Носить ее, впрочем, хлопотно. Михал – дед нынешнего Михала – получил в Варшаве дворец без мебели, без посуды приличной, так разорена была казна. Король вынужден был есть в частных домах. Зато корона позволила ему жениться на Элеоноре, сестре императора Леопольда.
Чьей голове сиять нынче? В любом случае дом Вишневецких – солидная опора для игры, которую затеяла Дульская.
– Спутать нам карты, – рассуждает Броджио, – может лишь одна персона, царь Петр. Понятно, если его не ухлопают бояре и стрельцы. Достаточно ли ловок гетман в конспирации? Царь ведь скор на расправу.
– Не бойтесь. Даже Орлик, генеральный писарь, не знает, что на уме у Януша.
– Даже вы, княгиня, – дразнит Элиас.
Все же есть граница, которую он, худородный Элиас Броджио, переступать не должен и не смеет. Не смеет – вот что особенно досадно. Прах побери, он же привык как будто смотреть на сверкающие гербы, не жмурясь! В Хофбурге, при дворе всесильного императора, и то было проще. Почему? Быть может, сила женской красоты, недоступной красоты смущает его, вызывает странную тревогу?
Кому она дозволит властвовать над собой – Ходоровская-Вишневецкая? Во всяком случае, не ему…
На исходе июня, в знойный полдень шлейф пыли навис над шляхом, ведущим к Белой Кринице. Гарнизон кинулся к пушкам – вдруг гайдамаки! Картечь не понадобилась – фортеция салютовала парадно, распознав своих. Двор наполнился громом копыт.
Вслед за передовым отрядом, запряженная шестеркой, ворвалась карета, облицованная разлапистыми коваными гербами. Князь Михал, чернявый, быстрый, с пластырем на лбу – отпечатком сеймовских раздоров – вбежал по лестнице, упал перед матерью на одно колено и прижался губами к ее платью.

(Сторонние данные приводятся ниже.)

(* Let $G$ be a connected graph with $n\ge 2$ vertices and let $k$ be an integer. The following statements are equivalent: (1) there is a GS ordering of $G$ whose $\mathcal{F}$-tree has at most $k$ leaves; (2) there is a $Z^*$-forcing set of $G$ of size at most $k$; (3) there is a generic $Z$-sequence of $G$ of length at least $n-k$.
   Context: All graphs are finite, simple, undirected, connected and non-empty; $N(v)$ is the open and $N[v]=N(v)\cup\{v\}$ the closed neighborhood. A GS ordering of $G$ is an ordering $(v_1,\dots,v_n)$ of $V(G)$ such that every $v_i$ with $i>1$ has a neighbor among $v_1,\dots,v_{i-1}$. Its $\mathcal{F}$-tree is the spanning tree rooted at $v_1$ where the parent of $v_i$ ($i>1$) is its leftmost neighbor in the ordering; a leaf is a non-root vertex without children (the root is never a leaf). A generic $Z$-sequence of $G$ is a sequence $(v_1,\dots,v_\ell)$ of distinct vertices that is a prefix of some GS ordering of $G$ and satisfies $N(v_i)\setminus\bigcup_{j=1}^{i-1}N[v_j]\neq\emptyset$ for all $i\in\{1,\dots,\ell\}$. $Z^*$-rule: if $v$ is a blue vertex that has exactly one white neighbor $w$, and either $w$ is the only white vertex of $G$ or $w$ has at least one white neighbor, then $w$ may be colored blue. A set $S\subseteq V(G)$ is a $Z^*$-forcing set if, coloring $S$ blue and all other vertices white and then iteratively applying the $Z^*$-rule, all vertices of $G$ can be colored blue. *)

theory Defs
  imports Main
begin

definition simple_graph :: "'a set \<Rightarrow> ('a \<Rightarrow> 'a \<Rightarrow> bool) \<Rightarrow> bool" where
  "simple_graph V E \<longleftrightarrow> finite V \<and> V \<noteq> {} \<and>
     (\<forall>x y. E x y \<longrightarrow> x \<in> V \<and> y \<in> V) \<and>
     (\<forall>x y. E x y \<longrightarrow> E y x) \<and> (\<forall>x. \<not> E x x)"

definition connected_graph :: "'a set \<Rightarrow> ('a \<Rightarrow> 'a \<Rightarrow> bool) \<Rightarrow> bool" where
  "connected_graph V E \<longleftrightarrow> simple_graph V E \<and> (\<forall>x\<in>V. \<forall>y\<in>V. E\<^sup>*\<^sup>* x y)"

definition nbhd :: "('a \<Rightarrow> 'a \<Rightarrow> bool) \<Rightarrow> 'a \<Rightarrow> 'a set" where
  "nbhd E v = {u. E v u}"

definition cnbhd :: "('a \<Rightarrow> 'a \<Rightarrow> bool) \<Rightarrow> 'a \<Rightarrow> 'a set" where
  "cnbhd E v = insert v (nbhd E v)"

definition gs_ordering :: "'a set \<Rightarrow> ('a \<Rightarrow> 'a \<Rightarrow> bool) \<Rightarrow> 'a list \<Rightarrow> bool" where
  "gs_ordering V E vs \<longleftrightarrow> distinct vs \<and> set vs = V \<and>
     (\<forall>i. 0 < i \<and> i < length vs \<longrightarrow> (\<exists>j<i. E (vs ! i) (vs ! j)))"

definition ftree_parent :: "('a \<Rightarrow> 'a \<Rightarrow> bool) \<Rightarrow> 'a list \<Rightarrow> nat \<Rightarrow> nat" where
  "ftree_parent E vs m = (LEAST j. E (vs ! m) (vs ! j))"

definition ftree_leaves :: "('a \<Rightarrow> 'a \<Rightarrow> bool) \<Rightarrow> 'a list \<Rightarrow> 'a set" where
  "ftree_leaves E vs = {vs ! i | i. 0 < i \<and> i < length vs \<and>
      \<not> (\<exists>m. 0 < m \<and> m < length vs \<and> ftree_parent E vs m = i)}"

definition generic_Z_sequence :: "'a set \<Rightarrow> ('a \<Rightarrow> 'a \<Rightarrow> bool) \<Rightarrow> 'a list \<Rightarrow> bool" where
  "generic_Z_sequence V E zs \<longleftrightarrow> distinct zs \<and>
     (\<exists>vs. gs_ordering V E vs \<and> zs = take (length zs) vs) \<and>
     (\<forall>i<length zs. nbhd E (zs ! i) - (\<Union>j<i. cnbhd E (zs ! j)) \<noteq> {})"

definition zstar_step :: "'a set \<Rightarrow> ('a \<Rightarrow> 'a \<Rightarrow> bool) \<Rightarrow> 'a set \<Rightarrow> 'a set \<Rightarrow> bool" where
  "zstar_step V E B B' \<longleftrightarrow> (\<exists>v w. v \<in> B \<and> w \<in> V - B \<and> nbhd E v \<inter> (V - B) = {w} \<and>
       (V - B = {w} \<or> (\<exists>u. E w u \<and> u \<in> V - B)) \<and> B' = insert w B)"

definition zstar_forcing_set :: "'a set \<Rightarrow> ('a \<Rightarrow> 'a \<Rightarrow> bool) \<Rightarrow> 'a set \<Rightarrow> bool" where
  "zstar_forcing_set V E S \<longleftrightarrow> S \<subseteq> V \<and> (zstar_step V E)\<^sup>*\<^sup>* S V"

end

theory Submission
  imports Defs
begin

text \<open>
  (1) \<Longrightarrow> (2): the leaves of an F-tree form a Z*-forcing set. The internal vertices (the root
  and all parents) are forced in decreasing order of position, each by one of its children: a
  child has no neighbour before its parent, so the parent is its only white neighbour, and the
  parent is adjacent to its own white parent. The root is forced last, as the only white vertex,
  by the second vertex of the ordering; this is where n \<ge> 2 is needed.

  (2) \<Longrightarrow> (3): read backwards, a forcing chain lists the forced vertices so that each has its
  forcer as a private neighbour and, by the Z*-condition, an earlier neighbour. Such a list
  extends to a GS ordering by connectivity, so it is a generic Z-sequence.

  (3) \<Longrightarrow> (1): in a GS ordering beginning with a generic Z-sequence, a private neighbour of the
  i-th vertex has no neighbour before position i, hence is a child of it in the F-tree. So all
  leaves lie outside the Z-sequence.
\<close>

lemma simple_graphD:
  assumes "simple_graph V E"
  shows "finite V" and "E x y \<Longrightarrow> x \<in> V" and "E x y \<Longrightarrow> y \<in> V"
    and "E x y \<Longrightarrow> E y x" and "\<not> E x x"
  using assms unfolding simple_graph_def by auto

lemma rtranclp_exits_set:
  assumes "r\<^sup>*\<^sup>* x y" and "x \<in> A" and "y \<notin> A"
  obtains a b where "a \<in> A" and "b \<notin> A" and "r a b"
  using assms by (induction rule: rtranclp_induct) blast+

definition gs_list :: "('a \<Rightarrow> 'a \<Rightarrow> bool) \<Rightarrow> 'a list \<Rightarrow> bool" where
  "gs_list E P \<longleftrightarrow> (\<forall>i. 0 < i \<and> i < length P \<longrightarrow> (\<exists>j<i. E (P ! i) (P ! j)))"

lemma gs_ordering_iff: "gs_ordering V E vs \<longleftrightarrow> distinct vs \<and> set vs = V \<and> gs_list E vs"
  unfolding gs_ordering_def gs_list_def by blast

lemma gs_list_snoc:
  assumes "gs_list E P" and "P = [] \<or> (\<exists>a\<in>set P. E b a)"
  shows "gs_list E (P @ [b])"
  unfolding gs_list_def
proof (intro allI impI)
  fix i assume i: "0 < i \<and> i < length (P @ [b])"
  show "\<exists>j<i. E ((P @ [b]) ! i) ((P @ [b]) ! j)"
  proof (cases "i < length P")
    case True
    then obtain j where "j < i" "E (P ! i) (P ! j)" using assms(1) i unfolding gs_list_def by blast
    then show ?thesis using True by (intro exI[of _ j]) (auto simp: nth_append)
  next
    case False
    with i have "i = length P" and "P \<noteq> []" by auto
    then obtain j where "j < length P" "E b (P ! j)" using assms(2) by (auto simp: in_set_conv_nth)
    then show ?thesis using \<open>i = length P\<close> by (intro exI[of _ j]) (auto simp: nth_append)
  qed
qed

lemma connected_graph_neighbour_outside:
  assumes "connected_graph V E" and "A \<subseteq> V" and "A \<noteq> {}" and "A \<noteq> V"
  obtains c where "c \<in> V - A" and "\<exists>a\<in>A. E c a"
proof -
  obtain x y where "x \<in> A" and "y \<in> V - A" using assms(3,4,2) by blast
  then have "E\<^sup>*\<^sup>* x y" using assms(1,2) unfolding connected_graph_def by blast
  then obtain a b where "a \<in> A" "b \<notin> A" "E a b"
    using \<open>x \<in> A\<close> \<open>y \<in> V - A\<close> by (elim rtranclp_exits_set) auto
  moreover have "simple_graph V E" using assms(1) unfolding connected_graph_def by blast
  ultimately show ?thesis using that[of b] simple_graphD[of V E] by blast
qed

lemma gs_list_extends_to_gs_ordering:
  assumes cg: "connected_graph V E"
    and "distinct P" and "set P \<subseteq> V" and "gs_list E P"
  shows "\<exists>Q. gs_ordering V E (P @ Q)"
  using assms(2-)
proof (induction "card (V - set P)" arbitrary: P rule: less_induct)
  case less
  have fin: "finite V" using cg unfolding connected_graph_def simple_graph_def by blast
  show ?case
  proof (cases "set P = V")
    case True
    then show ?thesis using less.prems by (intro exI[of _ "[]"]) (simp add: gs_ordering_iff)
  next
    case False
    obtain c where c: "c \<in> V - set P" "P = [] \<or> (\<exists>a\<in>set P. E c a)"
    proof (cases "P = []")
      case True
      then show ?thesis using False that by auto
    next
      case False
      then show ?thesis
        using connected_graph_neighbour_outside[OF cg less.prems(2)] \<open>set P \<noteq> V\<close> that by blast
    qed
    have "card (V - set (P @ [c])) < card (V - set P)"
      using c fin by (intro psubset_card_mono) auto
    moreover have "distinct (P @ [c])" "set (P @ [c]) \<subseteq> V"
      using less.prems c by auto
    moreover have "gs_list E (P @ [c])" using gs_list_snoc[OF less.prems(3) c(2)] .
    ultimately obtain Q where "gs_ordering V E ((P @ [c]) @ Q)" using less.hyps by blast
    then show ?thesis by (intro exI[of _ "c # Q"]) simp
  qed
qed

Конники во дворе оглашали новость – на троне король Август.
12
Принчипе Куракин и кавалер Глушков – новые постояльцы в палаццо Рота – живут в одной комнате, а видятся редко.
Глушков склонности своей порочной не переломил, нет-нет да и сбежит в Редуту, игорный вертеп, просаживать отцовские деньги. Ученье в башку не идет, одно беспутство. Мартинович сетует: на что такой недотепа нужен на корабле?
Кавалеры день и ночь на судах. Лето – пора страдная. Изволь увериться на ощупь, каковы они – тартаны, фелуки, галеры, буртьо! Что за снасть на них, как на них плавать?
Как-то раз позвала синьора Рота высокочтимого принчипе в свои покои – откушать. Спросила, доволен ли он жильем, стряпней. Вкусна ли русская похлебка, минестроне с капустой, заказанная московитом.
Борис благодарил. Повариха искусна, еда хорошая. Служанка, подметающая камору, прилежна. И вдруг запнулся на полуслове, онемел.
– Франческа, моя племянница, – сказала синьора.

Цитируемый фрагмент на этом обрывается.